Happy birthday, Mr. C!

Dear Charlie, 

Happy birthday! How does it feel to be a 39-year-old-high-functioning adult? Me? I am barely getting by without shedding a tear every day.

Pagkagising ko, yung nanay ko kino-call out yung laki ng katawan ko. Perhaps out of concern, but I felt like it was out of spite. At her timeline reaching 39, she was pregnant to my youngest brother (to which I became a co-parent of), and papa was punishing her by handwashing a king-sized bedsheet, without any help from her kids. She almost had miscarriage with JB. She was so thin, kind of a trauma response to the survival mode. And I believe she felt alone at that phase of her life. 

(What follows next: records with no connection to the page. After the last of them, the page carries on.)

lemma zero_nbhd_mono: "N \<subseteq> M \<Longrightarrow> \<delta> \<le> \<epsilon> \<Longrightarrow> zero_nbhd M \<delta> \<subseteq> zero_nbhd N \<epsilon>"
  unfolding zero_nbhd_def by (intro UN_mono insert_mono image_mono subset_ball) auto

definition glued_open :: "('i \<Rightarrow> nat set) \<Rightarrow> 'i set \<Rightarrow> real set \<Rightarrow> bool" where
  "glued_open S A U \<longleftrightarrow> open U \<and> (0 \<in> U \<longrightarrow> (\<exists>\<delta>>0. \<exists>M. thin S A M \<and> zero_nbhd M \<delta> \<subseteq> U))"

lemma glued_openI: "open U \<Longrightarrow> \<delta> > 0 \<Longrightarrow> thin S A M \<Longrightarrow> zero_nbhd M \<delta> \<subseteq> U \<Longrightarrow> glued_open S A U"
  unfolding glued_open_def by blast

lemma glued_openE:
  assumes "glued_open S A U" "0 \<in> U"
  obtains \<delta> M where "\<delta> > 0" "thin S A M" "zero_nbhd M \<delta> \<subseteq> U"
  using assms unfolding glued_open_def by blast

lemma istopology_glued_open: "istopology (glued_open S A)"
  unfolding istopology_def
proof (intro conjI allI impI ballI)
  fix U V assume U: "glued_open S A U" and V: "glued_open S A V"
  show "glued_open S A (U \<inter> V)"
    unfolding glued_open_def
  proof (intro conjI impI)
    show "open (U \<inter> V)" using U V by (auto simp: glued_open_def)
    assume "0 \<in> U \<inter> V"
    then obtain \<delta> \<epsilon> M N where "\<delta> > 0" "thin S A M" "zero_nbhd M \<delta> \<subseteq> U"
      and "\<epsilon> > 0" "thin S A N" "zero_nbhd N \<epsilon> \<subseteq> V"
      using U V unfolding glued_open_def by blast
    moreover have "zero_nbhd (M \<union> N) (min \<delta> \<epsilon>) \<subseteq> zero_nbhd M \<delta> \<inter> zero_nbhd N \<epsilon>"
      using zero_nbhd_mono[of M "M \<union> N" "min \<delta> \<epsilon>" \<delta>] zero_nbhd_mono[of N "M \<union> N" "min \<delta> \<epsilon>" \<epsilon>]
      by auto
    ultimately have "min \<delta> \<epsilon> > 0" "thin S A (M \<union> N)" "zero_nbhd (M \<union> N) (min \<delta> \<epsilon>) \<subseteq> U \<inter> V"
      by (auto simp: thin_Un)
    then show "\<exists>\<delta>>0. \<exists>M. thin S A M \<and> zero_nbhd M \<delta> \<subseteq> U \<inter> V"
      by blast
  qed
next
  fix \<U> assume \<U>: "\<forall>U\<in>\<U>. glued_open S A U"
  show "glued_open S A (\<Union>\<U>)"
    unfolding glued_open_def
  proof (intro conjI impI)
    show "open (\<Union>\<U>)" using \<U> by (auto simp: glued_open_def)
    assume "0 \<in> \<Union>\<U>"
    then obtain U \<delta> M where "U \<in> \<U>" "\<delta> > 0" "thin S A M" "zero_nbhd M \<delta> \<subseteq> U"
      using \<U> unfolding glued_open_def by blast
    then show "\<exists>\<delta>>0. \<exists>M. thin S A M \<and> zero_nbhd M \<delta> \<subseteq> \<Union>\<U>"
      by blast
  qed
qed

definition glued_topology :: "('i \<Rightarrow> nat set) \<Rightarrow> 'i set \<Rightarrow> real topology" where
  "glued_topology S A = topology (glued_open S A)"

lemma openin_glued_topology: "openin (glued_topology S A) U \<longleftrightarrow> glued_open S A U"
  by (simp add: glued_topology_def istopology_glued_open)

lemma topspace_glued_topology [simp]: "topspace (glued_topology S A) = UNIV"
proof -
  have "glued_open S A UNIV"
    using glued_openI[OF open_UNIV zero_less_one thin_finite[of "{}"]] by simp
  then show ?thesis
    by (metis openin_glued_topology openin_subset top.extremum_unique)
qed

At 39, I feel like I was living mama’s alternate reality: Literally living alone, yet thriving in the Corporate career she aspires — just received a good news of huge promotion, forging and / or fortifying communities from her interests and hobbies, saving up for travels and retirement, essentially “winging adulting”. And yet, when I sat down in my home office, I feel the heavy weight of her feisty reminder,

“Magpa-check ka na ng katawan mo at ang laki mo na!”

This afternoon, albeit relatively felt okay, I was suddenly thrusted into a anxious spiral of body dysmorphia and the seething sentiment of:

I am still not enough. 

That daydream goes back as my totem and my solace. If only I was that wife, I will be definitely out of this timeline. Lord, sana maumpog na siya and he would woo me! Susubukan ko magpakipot, kahit alam ng mundo na marupok ako. 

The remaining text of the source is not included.